Great lecture so far. Haven't had the time to watch the whole lecture, but one thing I want to mention is that there are techniques to improve the buffer manager performance as for instance described here by Goetz Graefe:
http://www.vldb.org/pvldb/vol8/p37-graefe.pdf
I've implemented an even simpler solution for my Open Source Data Store (https://sirix.io) in that each page stores a number of references, which are itself lightweight pointer objects (in Java) and it simply stores an in-memory reference as well as a pointer to the location to fetch it from disk/a flash drive. If the buffer manager has these Objects as keys on eviction we can simply null the reference to the in-memory page instance.

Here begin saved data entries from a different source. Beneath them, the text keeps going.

(* Let $0<r_\varepsilon<1$ ($\varepsilon=+,-$), $\sigma_i\in[0,2\pi)$ ($i=1,2$), $s_\varepsilon=\sqrt{1-r_\varepsilon^2}$, and \begin{align*} U_{r,\sigma}={}&\sum_{n\ge0}|e_1^{n-1}\rangle\langle r_+e_1^n+s_+e_2^n|+|e_2^{n+1}\rangle\langle -e^{i\sigma_1}s_+e_1^n+e^{i\sigma_1}r_+e_2^n|\\ &+\sum_{n\le-1}|e_1^{n-1}\rangle\langle r_-e_1^n+e^{i\sigma_2}s_-e_2^n|+|e_2^{n+1}\rangle\langle -s_-e_1^n+e^{i\sigma_2}r_-e_2^n|. \end{align*} Let $W=\bigoplus_{n\in\mathbb Z}W_n$ be a unitary on $\mathcal H$ with each $W_n$ a unitary on $\mathcal H_n$, and let $\lambda\in[0,2\pi)$. Then $e^{i\lambda}WU_{r,\sigma}W^*=U_{r,\sigma}$ if and only if either $\lambda=0$ and $W=I_{\mathcal H}$, or $\lambda=\pi$ and $W=\bigoplus_{n\in\mathbb Z}(-1)^nI_{\mathcal H_n}$.
   Context: Let $\mathcal H_n=\mathbb C^2$ for $n\in\mathbb Z$, $\mathcal H=\bigoplus_{n\in\mathbb Z}\mathcal H_n$, and $\{e_1^n,e_2^n\}$ the standard basis of $\mathcal H_n$. Dirac notation: $|x\rangle\langle y|$ is the operator $z\mapsto\langle y,z\rangle x$ (inner product conjugate-linear in the first argument).
   Formalization: The conclusion determines W only up to a constant c with |c| = 1: $W_n$ is c times the identity for every n when $\lambda=0$, and c times $(-1)^n$ times the identity when $\lambda=\pi$. The statement above fails without it. *)

theory Defs
  imports "HOL-Analysis.Analysis"
begin

text \<open>The fibre H_n = C^2 is modelled as complex^2, with standard basis e1, e2.
  A vector of H = direct sum of the H_n is a function int => complex^2;
  it lies in H iff it is square summable.\<close>

definition e1 :: "complex^2" where "e1 = vector [1, 0]"
definition e2 :: "complex^2" where "e2 = vector [0, 1]"

definition cinner :: "complex^2 \<Rightarrow> complex^2 \<Rightarrow> complex" where
  "cinner u v = (\<Sum>i\<in>UNIV. cnj (u $ i) * v $ i)"

definition inH :: "(int \<Rightarrow> complex^2) \<Rightarrow> bool" where
  "inH z \<longleftrightarrow> (\<lambda>n. (norm (z n))\<^sup>2) summable_on UNIV"

definition cadj :: "complex^2^2 \<Rightarrow> complex^2^2" where
  "cadj M = (\<chi> i j. cnj (M $ j $ i))"

definition cunitary :: "complex^2^2 \<Rightarrow> bool" where
  "cunitary M \<longleftrightarrow> M ** cadj M = mat 1 \<and> cadj M ** M = mat 1"

text \<open>The bra vectors of U_{r,sigma}: at site n, U contains
  |e_1^{n-1}><bra1 n| + |e_2^{n+1}><bra2 n|.\<close>
definition bra1 :: "real \<Rightarrow> real \<Rightarrow> real \<Rightarrow> real \<Rightarrow> int \<Rightarrow> complex^2" where
  "bra1 rp rm s1 s2 n =
    (let sp = complex_of_real (sqrt (1 - rp\<^sup>2)); sm = complex_of_real (sqrt (1 - rm\<^sup>2)) in
     if n \<ge> 0 then vector [complex_of_real rp, sp]
     else vector [complex_of_real rm, cis s2 * sm])"

definition bra2 :: "real \<Rightarrow> real \<Rightarrow> real \<Rightarrow> real \<Rightarrow> int \<Rightarrow> complex^2" where
  "bra2 rp rm s1 s2 n =
    (let sp = complex_of_real (sqrt (1 - rp\<^sup>2)); sm = complex_of_real (sqrt (1 - rm\<^sup>2)) in
     if n \<ge> 0 then vector [- cis s1 * sp, cis s1 * complex_of_real rp]
     else vector [- sm, cis s2 * complex_of_real rm])"

text \<open>U_{r,sigma} applied to z, evaluated at site m: only the terms n = m+1
  (ket e_1^{n-1}) and n = m-1 (ket e_2^{n+1}) contribute to site m.\<close>
definition Uop :: "real \<Rightarrow> real \<Rightarrow> real \<Rightarrow> real \<Rightarrow> (int \<Rightarrow> complex^2) \<Rightarrow> (int \<Rightarrow> complex^2)" where
  "Uop rp rm s1 s2 z = (\<lambda>m.
     cinner (bra1 rp rm s1 s2 (m + 1)) (z (m + 1)) *s e1
   + cinner (bra2 rp rm s1 s2 (m - 1)) (z (m - 1)) *s e2)"

definition Wop :: "(int \<Rightarrow> complex^2^2) \<Rightarrow> (int \<Rightarrow> complex^2) \<Rightarrow> (int \<Rightarrow> complex^2)" where
  "Wop W z = (\<lambda>n. W n *v z n)"

definition Wadj :: "(int \<Rightarrow> complex^2^2) \<Rightarrow> (int \<Rightarrow> complex^2) \<Rightarrow> (int \<Rightarrow> complex^2)" where
  "Wadj W z = (\<lambda>n. cadj (W n) *v z n)"

end

theory Submission
  imports Defs
begin

text \<open>Testing the covariance relation on vectors supported at a single site n compares
  W_{n-1} and W_{n+1} with W_n through the bras of U, whose relevant entries do not vanish.
  This forces each W_n to be diagonal, with both diagonal entries equal to e^{i lam} times the
  top entry of W_{n-1}, while the top entry of W_n is e^{i lam} times the bottom entry of
  W_{n+1}. Hence W_n = a_n I with a_n = e^{i lam} a_{n-1} and e^{2 i lam} = 1, so
  a_n = a_0 e^{i lam |n|}. Conversely such scalar phases pass through U at the cost of exactly
  the factor e^{i lam}.\<close>

lemma vec2_eq_iff: "(x::'a^2) = y \<longleftrightarrow> x$1 = y$1 \<and> x$2 = y$2"
  by (auto simp: vec_eq_iff forall_2)

lemma mat2_eq_iff:
  "(M::'a^2^2) = N \<longleftrightarrow> M$1$1 = N$1$1 \<and> M$1$2 = N$1$2 \<and> M$2$1 = N$2$1 \<and> M$2$2 = N$2$2"
  by (auto simp: vec2_eq_iff)

lemma e1_nth [simp]: "e1$1 = 1" "e1$2 = 0"
  by (simp_all add: e1_def)

lemma e2_nth [simp]: "e2$1 = 0" "e2$2 = 1"
  by (simp_all add: e2_def)

lemma cinner_2: "cinner u v = cnj (u$1) * v$1 + cnj (u$2) * v$2"
  by (simp add: cinner_def sum_2)

lemma cinner_scale_right: "cinner u (a *s v) = a * cinner u v"
  by (simp add: cinner_2 algebra_simps)

lemma matrix_vector_mult_2_nth [simp]:
  "(M *v (x::complex^2))$1 = M$1$1 * x$1 + M$1$2 * x$2"
  "(M *v (x::complex^2))$2 = M$2$1 * x$1 + M$2$2 * x$2"
  by (simp_all add: matrix_vector_mult_def sum_2)

lemma matrix_matrix_mult_2_nth [simp]:
  "((A::complex^2^2) ** B)$i$j = A$i$1 * B$1$j + A$i$2 * B$2$j"
  by (simp add: matrix_matrix_mult_def sum_2)

lemma mat_2_nth [simp]:
  "(mat c :: 'a::zero^2^2)$1$1 = c" "(mat c :: 'a^2^2)$2$2 = c"
  "(mat c :: 'a^2^2)$1$2 = 0" "(mat c :: 'a^2^2)$2$1 = 0"
  by (simp_all add: mat_def)

lemma cadj_nth [simp]: "cadj M $ i $ j = cnj (M $ j $ i)"
  by (simp add: cadj_def)

lemma cunitary_mat_iff: "cunitary (mat c) \<longleftrightarrow> norm c = 1"
proof -
  have "cunitary (mat c) \<longleftrightarrow> c * cnj c = 1"
    by (auto simp: cunitary_def mat2_eq_iff mult.commute)
  also have "\<dots> \<longleftrightarrow> (norm c)\<^sup>2 = 1"
    by (metis complex_norm_square of_real_eq_1_iff)
  finally show ?thesis
    using norm_ge_zero[of c] by (auto simp: power2_eq_1_iff)
qed

lemma cis_mult_self_eq_1_iff: "cis x * cis x = 1 \<longleftrightarrow> sin x = 0"
proof -
  have "cis x * cis x = 1 \<longleftrightarrow> (cos x)\<^sup>2 - (sin x)\<^sup>2 = 1 \<and> sin x * cos x = 0"
    by (auto simp: complex_eq_iff power2_eq_square)
  also have "\<dots> \<longleftrightarrow> sin x = 0"
    using sin_cos_squared_add[of x] by (auto simp: power2_eq_square)
  finally show ?thesis .
qed

lemma cis_mult_self_eq_1_iff_period:
  assumes "0 \<le> x" "x < 2 * pi"
  shows "cis x * cis x = 1 \<longleftrightarrow> x = 0 \<or> x = pi"
proof -
  have "(\<exists>i::int. x = of_int i * pi) \<longleftrightarrow> x = 0 \<or> x = pi"
  proof
    assume "\<exists>i::int. x = of_int i * pi"
    then obtain i :: int where i: "x = of_int i * pi"
      by blast
    with assms have "0 \<le> i" "i < 2"
      using pi_gt_zero by (auto simp: zero_le_mult_iff mult_less_cancel_right2)
    with i show "x = 0 \<or> x = pi"
      by auto
  qed (auto intro: exI[of _ 0] exI[of _ 1])
  then show ?thesis
    by (simp add: cis_mult_self_eq_1_iff sin_zero_iff_int2)
qed

lemma power_nat_abs_step:
  fixes s :: "'a::monoid_mult"
  shows "m \<ge> 0 \<Longrightarrow> s ^ nat \<bar>m + 1\<bar> = s * s ^ nat \<bar>m\<bar>"
    and "m \<le> 0 \<Longrightarrow> s ^ nat \<bar>m - 1\<bar> = s * s ^ nat \<bar>m\<bar>"
proof -
  show "m \<ge> 0 \<Longrightarrow> s ^ nat \<bar>m + 1\<bar> = s * s ^ nat \<bar>m\<bar>"
    by (simp add: nat_add_distrib)
  assume "m \<le> 0"
  then have "nat \<bar>m - 1\<bar> = Suc (nat \<bar>m\<bar>)"
    by simp
  then show "s ^ nat \<bar>m - 1\<bar> = s * s ^ nat \<bar>m\<bar>"
    by (simp only: power_Suc)
qed

lemma power_nat_abs_mult_succ:
  fixes s :: "'a::comm_monoid_mult"
  assumes "s * s = 1"
  shows "s ^ nat \<bar>m\<bar> * s ^ nat \<bar>m + 1\<bar> = s"
proof (cases "m \<ge> 0")
  case True
  then have "s ^ nat \<bar>m\<bar> * s ^ nat \<bar>m + 1\<bar> = s * (s * s) ^ nat \<bar>m\<bar>"
    using power_nat_abs_step(1)[of m s] by (simp add: power_mult_distrib ac_simps)
  with assms show ?thesis
    by simp
next
  case False
  then have "s ^ nat \<bar>m\<bar> * s ^ nat \<bar>m + 1\<bar> = s * (s * s) ^ nat \<bar>m + 1\<bar>"
    using power_nat_abs_step(2)[of "m + 1" s] by (simp add: power_mult_distrib ac_simps)
  with assms show ?thesis
    by simp
qed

I find it hard to reconcile the incredible generousity of making this material available for free on the internet with the cringeworthiness of Andy Pavlo's style. I love the material but the "6th form humour" is really off-putting and he doesn't need it.
Nobody needs anything. You didn't need to write your comment. And neither did I have to write this one. That's terrible criteria to judge anything, if it even means anything sensible at all.
I have to agree with the parent poster: the skits do take away from the content. I'm grateful the author was so generous to share his knowledge with the world, but the skits are distracting and off-putting.
Ha! It really comes down to personal preferences. Distinctive style of presenting material is what really makes a lecture engaging to me. Also, as a selection filter given the abundance of content online.
Personally, I enjoy the material on databases—but if I’m being honest, the main reason I watch the first lecture is to find out what sort of trouble Andy Pavlo has gotten into.
Andy’s gags are a tiny, tiny fraction of the material. Like, ~5min out of 10+ hours of lectures in a given class. They’re really easy to skip over if you don’t like them.
I've watched some of these and the material and teacher are awesome. Two questions come to mind:
1. A ton of effort seems to be spent on making things run in parallel, but that introduces quite a bit of overhead too, so how well does a sequential baseline actually perform? By sequential baseline I mean a single thread that just executes all incoming transactions one by one in sequence.
2. This course seems to spend a lot of time on things that the teacher says are things you shouldn't do anyway. For instance there is an entire lecture on skip lists and Bw-trees, and at the end the teacher mentions that these are terrible. This is interesting from a historical perspective, but not only does this take a lot of time, I also lose track of which things you should and which things you shouldn't do. It'd be interesting to have a compressed course that spends less time on things you should not do, perhaps by adding annotations to the video to skip sections that are about things you should not do.
A ton of effort seems to be spent on making things run in parallel, but that introduces quite a bit of overhead too, so how well does a sequential baseline actually perform? By sequential baseline I mean a single thread that just executes all incoming transactions one by one in sequence.
You should check out the H-Store research project[1] and its commercial successor VoltDB. They’re basically a study in how much you can win with a federation of single-threaded database systems.
I've implemented an even simpler solution for my Open Source Data Store (https://sirix.io) in that each page stores a number of references, which are itself lightweight pointer objects (in Java) and it simply stores an in-memory reference as well as a pointer to the location to fetch it from disk/a flash drive. If the buffer manager has these Objects as keys on eviction we can simply null the reference to the in-memory page instance.